Materials provided: Begin

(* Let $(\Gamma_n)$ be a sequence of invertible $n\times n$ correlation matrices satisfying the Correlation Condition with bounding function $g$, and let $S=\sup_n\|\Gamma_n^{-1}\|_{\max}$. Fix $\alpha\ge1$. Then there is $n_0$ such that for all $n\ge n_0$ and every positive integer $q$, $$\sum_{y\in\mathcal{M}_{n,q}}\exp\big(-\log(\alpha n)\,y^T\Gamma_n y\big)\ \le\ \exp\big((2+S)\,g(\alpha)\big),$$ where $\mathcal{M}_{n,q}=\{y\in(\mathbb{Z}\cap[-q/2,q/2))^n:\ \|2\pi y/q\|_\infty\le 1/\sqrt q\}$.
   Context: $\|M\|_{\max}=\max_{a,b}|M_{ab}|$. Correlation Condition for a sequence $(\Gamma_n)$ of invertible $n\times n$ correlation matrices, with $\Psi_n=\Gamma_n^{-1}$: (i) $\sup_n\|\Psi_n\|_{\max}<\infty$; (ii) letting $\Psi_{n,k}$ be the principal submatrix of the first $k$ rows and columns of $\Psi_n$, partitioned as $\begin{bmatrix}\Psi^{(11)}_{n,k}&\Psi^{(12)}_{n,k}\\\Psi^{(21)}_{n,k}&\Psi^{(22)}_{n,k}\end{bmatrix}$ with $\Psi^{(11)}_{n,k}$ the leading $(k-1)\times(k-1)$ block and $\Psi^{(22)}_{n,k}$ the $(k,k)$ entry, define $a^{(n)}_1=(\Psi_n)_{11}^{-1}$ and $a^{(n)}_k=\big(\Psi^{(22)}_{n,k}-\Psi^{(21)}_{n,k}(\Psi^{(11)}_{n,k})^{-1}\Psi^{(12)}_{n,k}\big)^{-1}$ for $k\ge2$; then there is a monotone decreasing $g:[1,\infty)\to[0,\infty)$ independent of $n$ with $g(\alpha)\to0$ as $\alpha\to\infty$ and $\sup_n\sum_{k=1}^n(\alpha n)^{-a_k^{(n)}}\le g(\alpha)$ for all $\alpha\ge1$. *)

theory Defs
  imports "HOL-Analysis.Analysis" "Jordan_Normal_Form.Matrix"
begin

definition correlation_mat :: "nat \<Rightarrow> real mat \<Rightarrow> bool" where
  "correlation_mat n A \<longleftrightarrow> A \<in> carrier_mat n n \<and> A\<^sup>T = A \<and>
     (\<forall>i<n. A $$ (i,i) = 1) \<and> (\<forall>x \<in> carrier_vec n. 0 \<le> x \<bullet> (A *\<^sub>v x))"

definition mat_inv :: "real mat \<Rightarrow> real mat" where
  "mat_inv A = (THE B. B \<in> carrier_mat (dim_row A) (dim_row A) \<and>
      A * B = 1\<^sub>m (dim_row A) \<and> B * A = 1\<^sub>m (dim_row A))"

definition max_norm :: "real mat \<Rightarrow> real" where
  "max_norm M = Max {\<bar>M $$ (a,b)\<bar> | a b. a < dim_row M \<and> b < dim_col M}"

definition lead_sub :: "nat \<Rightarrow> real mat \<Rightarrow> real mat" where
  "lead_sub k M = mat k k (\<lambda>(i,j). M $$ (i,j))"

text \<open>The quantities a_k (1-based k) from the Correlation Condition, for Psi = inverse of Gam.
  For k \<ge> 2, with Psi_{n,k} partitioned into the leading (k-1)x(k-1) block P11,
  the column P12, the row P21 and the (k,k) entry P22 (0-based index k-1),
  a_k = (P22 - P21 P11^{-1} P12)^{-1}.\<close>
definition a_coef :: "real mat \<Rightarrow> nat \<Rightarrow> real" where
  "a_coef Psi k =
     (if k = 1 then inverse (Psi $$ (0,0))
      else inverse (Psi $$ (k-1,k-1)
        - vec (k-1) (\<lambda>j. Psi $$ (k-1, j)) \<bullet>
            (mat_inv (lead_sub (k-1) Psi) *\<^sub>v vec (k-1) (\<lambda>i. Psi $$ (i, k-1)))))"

Materials provided: End
Materials provided: Begin

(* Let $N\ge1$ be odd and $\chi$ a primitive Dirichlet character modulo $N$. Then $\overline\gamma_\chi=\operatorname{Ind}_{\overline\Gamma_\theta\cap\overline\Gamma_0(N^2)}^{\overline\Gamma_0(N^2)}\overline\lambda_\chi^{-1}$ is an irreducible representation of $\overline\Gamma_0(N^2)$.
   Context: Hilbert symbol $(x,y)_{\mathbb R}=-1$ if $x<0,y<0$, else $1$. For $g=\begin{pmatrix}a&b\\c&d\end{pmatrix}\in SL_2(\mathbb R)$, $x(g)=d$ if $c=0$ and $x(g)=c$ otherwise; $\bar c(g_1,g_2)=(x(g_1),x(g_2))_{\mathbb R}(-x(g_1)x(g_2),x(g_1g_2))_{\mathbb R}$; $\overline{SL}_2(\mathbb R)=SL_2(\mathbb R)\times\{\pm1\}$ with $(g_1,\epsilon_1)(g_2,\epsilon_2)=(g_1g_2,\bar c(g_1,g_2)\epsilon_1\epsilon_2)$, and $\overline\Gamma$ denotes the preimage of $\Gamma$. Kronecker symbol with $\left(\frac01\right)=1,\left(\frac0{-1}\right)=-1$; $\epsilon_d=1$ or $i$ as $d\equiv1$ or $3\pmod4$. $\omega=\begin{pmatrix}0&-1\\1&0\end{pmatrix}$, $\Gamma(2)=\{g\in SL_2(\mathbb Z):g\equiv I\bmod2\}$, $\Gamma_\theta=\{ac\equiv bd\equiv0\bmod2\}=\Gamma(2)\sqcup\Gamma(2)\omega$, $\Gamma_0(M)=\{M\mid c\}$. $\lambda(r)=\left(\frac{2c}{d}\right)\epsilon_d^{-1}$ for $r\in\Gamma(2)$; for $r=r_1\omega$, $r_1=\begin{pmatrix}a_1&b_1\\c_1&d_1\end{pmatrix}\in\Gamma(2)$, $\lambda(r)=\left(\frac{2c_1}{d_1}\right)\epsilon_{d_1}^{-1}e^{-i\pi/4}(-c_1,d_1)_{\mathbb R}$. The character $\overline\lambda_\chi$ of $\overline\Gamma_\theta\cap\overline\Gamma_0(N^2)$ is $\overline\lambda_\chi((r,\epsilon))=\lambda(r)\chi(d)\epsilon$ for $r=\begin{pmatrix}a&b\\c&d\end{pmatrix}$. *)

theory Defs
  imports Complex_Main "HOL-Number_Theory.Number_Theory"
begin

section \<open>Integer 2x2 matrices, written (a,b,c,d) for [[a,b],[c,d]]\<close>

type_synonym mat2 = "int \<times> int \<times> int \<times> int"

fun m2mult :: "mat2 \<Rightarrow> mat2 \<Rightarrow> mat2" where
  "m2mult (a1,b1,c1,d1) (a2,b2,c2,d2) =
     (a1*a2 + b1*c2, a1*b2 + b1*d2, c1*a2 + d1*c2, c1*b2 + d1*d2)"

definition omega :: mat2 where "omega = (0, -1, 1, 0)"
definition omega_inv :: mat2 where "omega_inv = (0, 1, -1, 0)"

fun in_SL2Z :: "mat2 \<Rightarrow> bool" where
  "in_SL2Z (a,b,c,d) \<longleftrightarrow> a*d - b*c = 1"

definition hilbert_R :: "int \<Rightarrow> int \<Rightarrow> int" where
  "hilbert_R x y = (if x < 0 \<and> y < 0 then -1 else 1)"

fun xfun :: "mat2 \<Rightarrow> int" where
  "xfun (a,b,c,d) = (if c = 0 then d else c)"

Materials provided: End
Materials provided: Begin

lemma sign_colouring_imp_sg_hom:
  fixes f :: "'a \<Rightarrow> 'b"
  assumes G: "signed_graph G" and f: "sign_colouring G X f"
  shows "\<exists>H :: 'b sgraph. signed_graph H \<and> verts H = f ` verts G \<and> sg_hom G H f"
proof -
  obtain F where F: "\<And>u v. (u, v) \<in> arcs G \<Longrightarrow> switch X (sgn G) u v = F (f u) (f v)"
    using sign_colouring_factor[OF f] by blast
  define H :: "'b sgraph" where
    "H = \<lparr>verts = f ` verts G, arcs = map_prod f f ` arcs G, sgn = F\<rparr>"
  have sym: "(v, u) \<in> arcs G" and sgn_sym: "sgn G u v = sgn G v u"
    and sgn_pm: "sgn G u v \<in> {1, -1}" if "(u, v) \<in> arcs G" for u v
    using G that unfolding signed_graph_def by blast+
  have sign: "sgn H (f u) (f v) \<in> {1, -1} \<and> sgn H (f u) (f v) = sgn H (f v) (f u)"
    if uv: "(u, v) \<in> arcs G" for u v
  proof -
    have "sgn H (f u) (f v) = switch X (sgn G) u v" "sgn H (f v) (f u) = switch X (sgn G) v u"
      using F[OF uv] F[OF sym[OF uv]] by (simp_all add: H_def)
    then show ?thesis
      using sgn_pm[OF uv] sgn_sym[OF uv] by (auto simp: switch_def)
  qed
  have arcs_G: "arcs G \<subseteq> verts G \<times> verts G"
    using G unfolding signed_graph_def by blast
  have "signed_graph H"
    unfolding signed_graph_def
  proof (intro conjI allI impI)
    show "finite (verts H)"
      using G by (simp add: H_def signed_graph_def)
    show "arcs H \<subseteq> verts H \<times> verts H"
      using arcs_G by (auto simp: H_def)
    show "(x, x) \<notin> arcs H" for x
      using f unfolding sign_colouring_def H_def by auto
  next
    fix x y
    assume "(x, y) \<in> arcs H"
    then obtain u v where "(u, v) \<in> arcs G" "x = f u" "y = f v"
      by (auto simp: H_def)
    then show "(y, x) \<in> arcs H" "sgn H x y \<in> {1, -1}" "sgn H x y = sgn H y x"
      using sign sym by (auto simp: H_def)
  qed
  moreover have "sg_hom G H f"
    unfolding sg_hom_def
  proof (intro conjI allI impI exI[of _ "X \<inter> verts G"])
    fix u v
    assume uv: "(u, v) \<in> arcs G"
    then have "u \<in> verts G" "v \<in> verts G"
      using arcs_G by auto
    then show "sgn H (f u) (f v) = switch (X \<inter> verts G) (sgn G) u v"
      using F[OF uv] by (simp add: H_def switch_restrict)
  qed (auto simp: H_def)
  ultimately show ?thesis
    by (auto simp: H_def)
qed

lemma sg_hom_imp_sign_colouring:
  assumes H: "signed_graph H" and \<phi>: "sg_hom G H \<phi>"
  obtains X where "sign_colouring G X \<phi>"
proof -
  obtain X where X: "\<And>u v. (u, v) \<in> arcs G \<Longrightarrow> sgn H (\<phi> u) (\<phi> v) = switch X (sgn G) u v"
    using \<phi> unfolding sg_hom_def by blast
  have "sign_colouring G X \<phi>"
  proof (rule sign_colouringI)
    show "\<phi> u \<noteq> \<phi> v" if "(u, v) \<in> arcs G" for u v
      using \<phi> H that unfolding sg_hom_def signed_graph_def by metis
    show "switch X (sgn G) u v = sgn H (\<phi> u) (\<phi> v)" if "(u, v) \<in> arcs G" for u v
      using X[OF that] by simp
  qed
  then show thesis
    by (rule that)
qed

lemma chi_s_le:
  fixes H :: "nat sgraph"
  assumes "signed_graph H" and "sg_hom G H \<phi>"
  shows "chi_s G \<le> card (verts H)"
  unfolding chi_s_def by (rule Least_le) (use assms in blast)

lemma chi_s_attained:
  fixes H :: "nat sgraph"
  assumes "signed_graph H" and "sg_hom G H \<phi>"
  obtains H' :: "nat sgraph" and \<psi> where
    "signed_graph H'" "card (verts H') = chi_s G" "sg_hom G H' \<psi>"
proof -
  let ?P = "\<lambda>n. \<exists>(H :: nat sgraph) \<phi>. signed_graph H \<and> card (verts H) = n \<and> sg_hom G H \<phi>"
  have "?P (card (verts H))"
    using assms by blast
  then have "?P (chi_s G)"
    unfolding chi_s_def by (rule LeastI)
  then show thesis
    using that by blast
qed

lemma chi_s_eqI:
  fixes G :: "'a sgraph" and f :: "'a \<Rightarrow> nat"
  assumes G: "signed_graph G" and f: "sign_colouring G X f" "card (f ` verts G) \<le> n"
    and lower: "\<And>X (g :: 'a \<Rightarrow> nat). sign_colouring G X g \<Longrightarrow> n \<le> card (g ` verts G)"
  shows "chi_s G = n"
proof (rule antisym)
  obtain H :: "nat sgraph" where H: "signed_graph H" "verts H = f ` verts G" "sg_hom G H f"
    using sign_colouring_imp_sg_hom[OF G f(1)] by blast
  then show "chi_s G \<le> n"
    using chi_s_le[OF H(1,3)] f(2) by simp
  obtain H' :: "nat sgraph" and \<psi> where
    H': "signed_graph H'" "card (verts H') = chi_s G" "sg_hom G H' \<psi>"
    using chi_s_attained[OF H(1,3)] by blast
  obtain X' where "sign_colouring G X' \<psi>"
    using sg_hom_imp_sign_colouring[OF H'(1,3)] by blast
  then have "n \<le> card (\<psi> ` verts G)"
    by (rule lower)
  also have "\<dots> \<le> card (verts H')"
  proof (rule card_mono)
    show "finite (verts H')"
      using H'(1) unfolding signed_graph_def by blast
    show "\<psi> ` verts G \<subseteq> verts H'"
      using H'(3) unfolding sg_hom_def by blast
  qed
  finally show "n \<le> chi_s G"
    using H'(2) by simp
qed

Materials provided: End

What is needed: Scan the data above for the word "leading". Copy every line in which it is found.

Solution for this task:
   Context: $\|M\|_{\max}=\max_{a,b}|M_{ab}|$. Correlation Condition for a sequence $(\Gamma_n)$ of invertible $n\times n$ correlation matrices, with $\Psi_n=\Gamma_n^{-1}$: (i) $\sup_n\|\Psi_n\|_{\max}<\infty$; (ii) letting $\Psi_{n,k}$ be the principal submatrix of the first $k$ rows and columns of $\Psi_n$, partitioned as $\begin{bmatrix}\Psi^{(11)}_{n,k}&\Psi^{(12)}_{n,k}\\\Psi^{(21)}_{n,k}&\Psi^{(22)}_{n,k}\end{bmatrix}$ with $\Psi^{(11)}_{n,k}$ the leading $(k-1)\times(k-1)$ block and $\Psi^{(22)}_{n,k}$ the $(k,k)$ entry, define $a^{(n)}_1=(\Psi_n)_{11}^{-1}$ and $a^{(n)}_k=\big(\Psi^{(22)}_{n,k}-\Psi^{(21)}_{n,k}(\Psi^{(11)}_{n,k})^{-1}\Psi^{(12)}_{n,k}\big)^{-1}$ for $k\ge2$; then there is a monotone decreasing $g:[1,\infty)\to[0,\infty)$ independent of $n$ with $g(\alpha)\to0$ as $\alpha\to\infty$ and $\sup_n\sum_{k=1}^n(\alpha n)^{-a_k^{(n)}}\le g(\alpha)$ for all $\alpha\ge1$. *)
  For k \<ge> 2, with Psi_{n,k} partitioned into the leading (k-1)x(k-1) block P11,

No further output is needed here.